Да и как я вообще могу испытывать настоящие чувства к такому мужчине?
Лилиана ждет меня, пока я принимаю душ, моет волосы и сушит их феном. В итоге она садится на кровать и отвлекает меня светской беседой, пока я завиваю волосы и делаю макияж, делая центральным элементом красные губы, которые я запланировала. Она вручает мне платье, когда я заканчиваю, и я влезаю в него, глядя в зеркало в полный рост рядом с моим шкафом. Оно сидит на мне идеально, и я должна признать, что выгляжу в нем потрясающе. Золотистый оттенок идеально сочетается с моей бледной кожей и белокурыми волосами, осветляя меня, а не вымывая. Босоножки тоже сидят идеально, а украшения просто великолепны: ожерелье падает точно в нужное место в моем небольшом декольте, притягивая взгляд.
— Я удивлена, что он так тебя одел, — говорит Лилиана, глядя на меня с интересом. — В Чикаго нет ни одного мужчины, который бы не пялился, увидев тебя в таком виде. Я не думаю, что такой человек, как Тео, захочет, чтобы на тебя смотрело столько глаз.
— Может, ему нравится демонстрировать свой трофей. — В моем голосе звучит нотка горечи, которую я не могу сдержать. — Принцесса Братвы, которую он сумел сделать своей невестой.
— Может быть. — Лилиана снова оглядывает меня. — Но ты выглядишь великолепно.
Я слабо улыбаюсь ей и достаю клатч, который я нашла в тон платью. В нем оказалась моя помада и еще несколько мелочей, и я взяла его как раз вовремя, так как с моей точки обзора я увидела черную машину, проезжающую по подъездной дорожке.
Я подумала, не Тео ли в машине, но его там нет. Водитель в форме открывает передо мной дверь, и я проскальзываю внутрь, на пустое заднее сиденье, скольжу по прохладной дорогой коже и неуверенно сажусь. Меня охватывает нервозность: меня могут увезти куда угодно, но я не вижу причин, по которым Тео мог бы причинить мне вред. Насколько он знает, ему выгоднее, чтобы я была его женой.
Конечно, на самом деле причин нервничать нет. Машина останавливается перед знакомым мне рестораном — стейк-хаусом, отмеченным звездой Мишлен, в котором я раньше не была, но знаю его название. Мне снова открывают дверь, и я выхожу, проходя через черные и позолоченные двери к стойке администратора.
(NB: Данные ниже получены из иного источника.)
lemma card_restricted_products_remove_greatest:
  fixes m :: nat
  assumes fin: "\<And>i. i \<in> {1..m} \<Longrightarrow> finite (A i)"
    and car: "\<And>i. i \<in> {1..m} \<Longrightarrow> A i \<subseteq> carrier G"
    and j: "j \<in> {1..m}" "is_greatest (A j) x"
    and greatest: "l < card (nonempty_indices m A) \<Longrightarrow> is_greatest (\<Union>i\<in>{1..m}. A i) x"
    and rare: "card {i \<in> {1..m}. x \<in> A i} \<le> l"
    and enough: "l \<le> card (nonempty_indices m (A(j := A j - {x})))"
  shows "card (restricted_products G l m (A(j := A j - {x}))) < card (restricted_products G l m A)"
proof -
  define B where "B = A(j := A j - {x})"
  have B: "\<And>i. i \<in> {1..m} \<Longrightarrow> B i \<subseteq> A i"
    unfolding B_def by simp
  have finB: "\<And>i. i \<in> {1..m} \<Longrightarrow> finite (B i)"
    using fin B finite_subset by metis
  have carB: "\<And>i. i \<in> {1..m} \<Longrightarrow> B i \<subseteq> carrier G"
    using car B by blast
  have finite: "finite (restricted_products G l m B)"
    by (intro finite_restricted_products finB carB)
  have carrier: "restricted_products G l m B \<subseteq> carrier G"
    by (intro restricted_products_subset_carrier carB)
  have nonempty: "restricted_products G l m B \<noteq> {}"
    using enough unfolding B_def by (rule restricted_products_nonempty)
  obtain p where p: "is_greatest (restricted_products G l m B) p"
    using finite_has_greatest[OF finite nonempty carrier] by blast
  then obtain I a where Ia: "p = finprod G a I" "I \<subseteq> {1..m}" "card I = l" "\<And>i. i \<in> I \<Longrightarrow> a i \<in> B i"
    unfolding is_greatest_def restricted_products_def by blast
  obtain i where i: "i \<in> I" "j \<notin> I - {i}" "a i \<lessdot> x"
    using obtain_exchangeable_index[OF j greatest rare Ia(2,3)] Ia(4) unfolding B_def by blast
  define q where "q = finprod G (a(j := x)) (insert j (I - {i}))"
  have "finite I"
    using Ia(2) finite_subset by blast
  have "x \<in> carrier G"
    using j car unfolding is_greatest_def by blast
  have "a \<in> I \<rightarrow> carrier G"
    using Ia(2,4) B car by blast
  then have "p \<lessdot> q"
    unfolding Ia(1) q_def using \<open>finite I\<close> i \<open>x \<in> carrier G\<close> by (intro finprod_exchange_gless)
  moreover have "q \<in> restricted_products G l m A"
    unfolding q_def
  proof (rule exchange_in_restricted_products)
    show "a k \<in> A k" if "k \<in> I" for k
      using B Ia(2) Ia(4)[OF that] that by blast
    show "x \<in> A j"
      using j(2) unfolding is_greatest_def by blast
  qed (use Ia(2,3) i(1,2) j(1) in auto)
  moreover have "q \<notin> restricted_products G l m B"
    using is_greatest_not_gless[OF p carrier] \<open>p \<lessdot> q\<close> by auto
  moreover have "restricted_products G l m B \<subseteq> restricted_products G l m A"
    by (intro restricted_products_mono B)
  ultimately have "restricted_products G l m B \<subset> restricted_products G l m A"
    by blast
  then show ?thesis
    unfolding B_def[symmetric] using fin car by (intro psubset_card_mono finite_restricted_products)
qed
lemma kspan_unit_vec_eq_iff:
  "kspan (unit_vec k :: 'n \<Rightarrow> 'k::comm_semiring_1) = kspan (unit_vec l) \<longleftrightarrow> k = l"
proof
  assume "kspan (unit_vec k :: 'n \<Rightarrow> 'k) = kspan (unit_vec l)"
  moreover have "vscale 1 (unit_vec k) \<in> kspan (unit_vec k :: 'n \<Rightarrow> 'k)"
    unfolding kspan_def by blast
  ultimately obtain c :: 'k where "vscale 1 (unit_vec k) = vscale c (unit_vec l)"
    unfolding kspan_def by auto
  then have "vscale 1 (unit_vec k) k = vscale c (unit_vec l) k" by simp
  then show "k = l" by (simp add: vscale_def unit_vec_def split: if_splits)
qed simp

definition is_linear_map :: "(('n \<Rightarrow> 'k::comm_semiring_1) \<Rightarrow> ('n \<Rightarrow> 'k)) \<Rightarrow> bool" where
  "is_linear_map f \<longleftrightarrow>
     (\<forall>x y. f (vadd x y) = vadd (f x) (f y)) \<and> (\<forall>c x. f (vscale c x) = vscale c (f x))"

lemma lincomb_empty: "lincomb c g {} = (\<lambda>_. 0)"
  by (simp add: lincomb_def)

lemma lincomb_insert:
  "finite S \<Longrightarrow> b \<notin> S \<Longrightarrow> lincomb c g (insert b S) = vadd (vscale (c b) (g b)) (lincomb c g S)"
  by (simp add: lincomb_def vadd_def vscale_def)

lemma linear_map_zero:
  assumes "is_linear_map f"
  shows "f (\<lambda>_. 0) = (\<lambda>_. 0)"
proof -
  have "f (vscale 0 (\<lambda>_. 0)) = vscale 0 (f (\<lambda>_. 0))"
    using assms by (simp add: is_linear_map_def)
  then show ?thesis by (simp add: vscale_def)
qed

lemma linear_map_lincomb:
  assumes "is_linear_map f" and "finite S"
  shows "f (lincomb c g S) = lincomb c (\<lambda>b. f (g b)) S"
  using assms(2)
  by (induction S rule: finite_induct)
     (use assms(1) in
        \<open>simp_all add: lincomb_empty lincomb_insert linear_map_zero is_linear_map_def\<close>)

lemma lincomb_unit_vec: "lincomb x unit_vec (UNIV :: 'n::finite set) = x"
  by (simp add: lincomb_def unit_vec_def if_distrib[of "(*) _"] cong: if_cong)

lemma linear_map_apply:
  fixes f :: "('n::finite \<Rightarrow> 'k::comm_semiring_1) \<Rightarrow> ('n \<Rightarrow> 'k)"
  assumes "is_linear_map f"
  shows "f x i = (\<Sum>j\<in>UNIV. x j * f (unit_vec j) i)"
proof -
  have "f x = f (lincomb x unit_vec UNIV)" by (simp add: lincomb_unit_vec)
  also have "\<dots> = lincomb x (\<lambda>j. f (unit_vec j)) UNIV" by (rule linear_map_lincomb[OF assms]) simp
  finally show ?thesis by (simp add: lincomb_def)
qed

text \<open>If \<open>f e\<^sub>j\<close> has a nonzero \<open>k\<close>-th coordinate, then \<open>e\<^sub>j = g (f e\<^sub>j)\<close> and zero-sum-freeness
  force \<open>g e\<^sub>k\<close> to be a multiple of \<open>e\<^sub>j\<close>; applying \<open>f\<close> shows that \<open>f e\<^sub>j\<close> is a multiple of \<open>e\<^sub>k\<close>.\<close>

lemma invertible_linear_map_unit_vec:
  fixes f g :: "('n::finite \<Rightarrow> 'k::idem_semifield) \<Rightarrow> ('n \<Rightarrow> 'k)"
  assumes f: "is_linear_map f" and g: "is_linear_map g"
    and gf: "\<And>x. g (f x) = x" and fg: "\<And>x. f (g x) = x"
  shows "\<exists>c k. c \<noteq> 0 \<and> f (unit_vec j) = vscale c (unit_vec k)"
proof -
  have "f (unit_vec j) \<noteq> (\<lambda>_. 0)"
    using gf[of "unit_vec j"] linear_map_zero[OF g] unit_vec_nonzero by metis
  then obtain k where k: "f (unit_vec j) k \<noteq> 0" by auto
  define b where "b = g (unit_vec k) j"
  have g_unit_vec: "g (unit_vec k) = vscale b (unit_vec j)"
  proof
    fix m
    show "g (unit_vec k) m = vscale b (unit_vec j) m"
    proof (cases "m = j")
      case False
      have "(\<Sum>l\<in>UNIV. f (unit_vec j) l * g (unit_vec l) m) = unit_vec j m"
        using gf linear_map_apply[OF g, of "f (unit_vec j)"] by simp
      then have "f (unit_vec j) k * g (unit_vec k) m = 0"
        using False by (simp add: idem_sum_eq_0_iff unit_vec_def)
      with k False show ?thesis by (simp add: vscale_def unit_vec_def)
    qed (simp add: b_def vscale_def unit_vec_def)
  qed
  have unit_vec_k: "unit_vec k = vscale b (f (unit_vec j))"
    using fg[of "unit_vec k"] f g_unit_vec by (simp add: is_linear_map_def)
  then have "b \<noteq> 0"
    using unit_vec_nonzero by (fastforce simp: vscale_def)
  then have "f (unit_vec j) = vscale (recip b) (unit_vec k)"
    unfolding unit_vec_k vscale_vscale recip_mult[OF \<open>b \<noteq> 0\<close>] by (simp add: vscale_def)
  with \<open>b \<noteq> 0\<close> show ?thesis using recip_nonzero by blast
qed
— Я пришла встретиться с мистером Тео Макнилом, — говорю я девушке за стойкой, одетой в безупречное черное приталенное платье, с прической, заколотой филигранной заколкой, с макияжем, выполненным почти профессионально.
— Конечно, — гладко отвечает она. — Сюда.
Меня проводят в отдельную кабинку в задней части ресторана, подальше от основной массы посетителей, где над столом из темного дерева висит люстра, освещающая черную кожу сидений. На столе уже налито красное вино, и я вижу, как Тео, одетый в сшитый на заказ угольный костюм, потягивает его, оглядывая ресторан.
Как только он видит меня, он встает, и я снова поражаюсь тому, насколько он удивительно красив. Он выглядит совсем не так, как, по моим представлениям, должен выглядеть мужчина в возрасте около сорока лет. Он приятно улыбается мне, и когда его взгляд скользит по мне от лба до пальцев ног, в нем нет того развратного подтекста, который я ожидала бы увидеть. Вместо того чтобы смотреть так, будто он представляет, каково это, снять платье и трахнуть меня или трахнуть меня в нем, он смотрит так, будто любуется произведением искусства. Как будто он стоит в галерее и видит что-то, что ему нравится.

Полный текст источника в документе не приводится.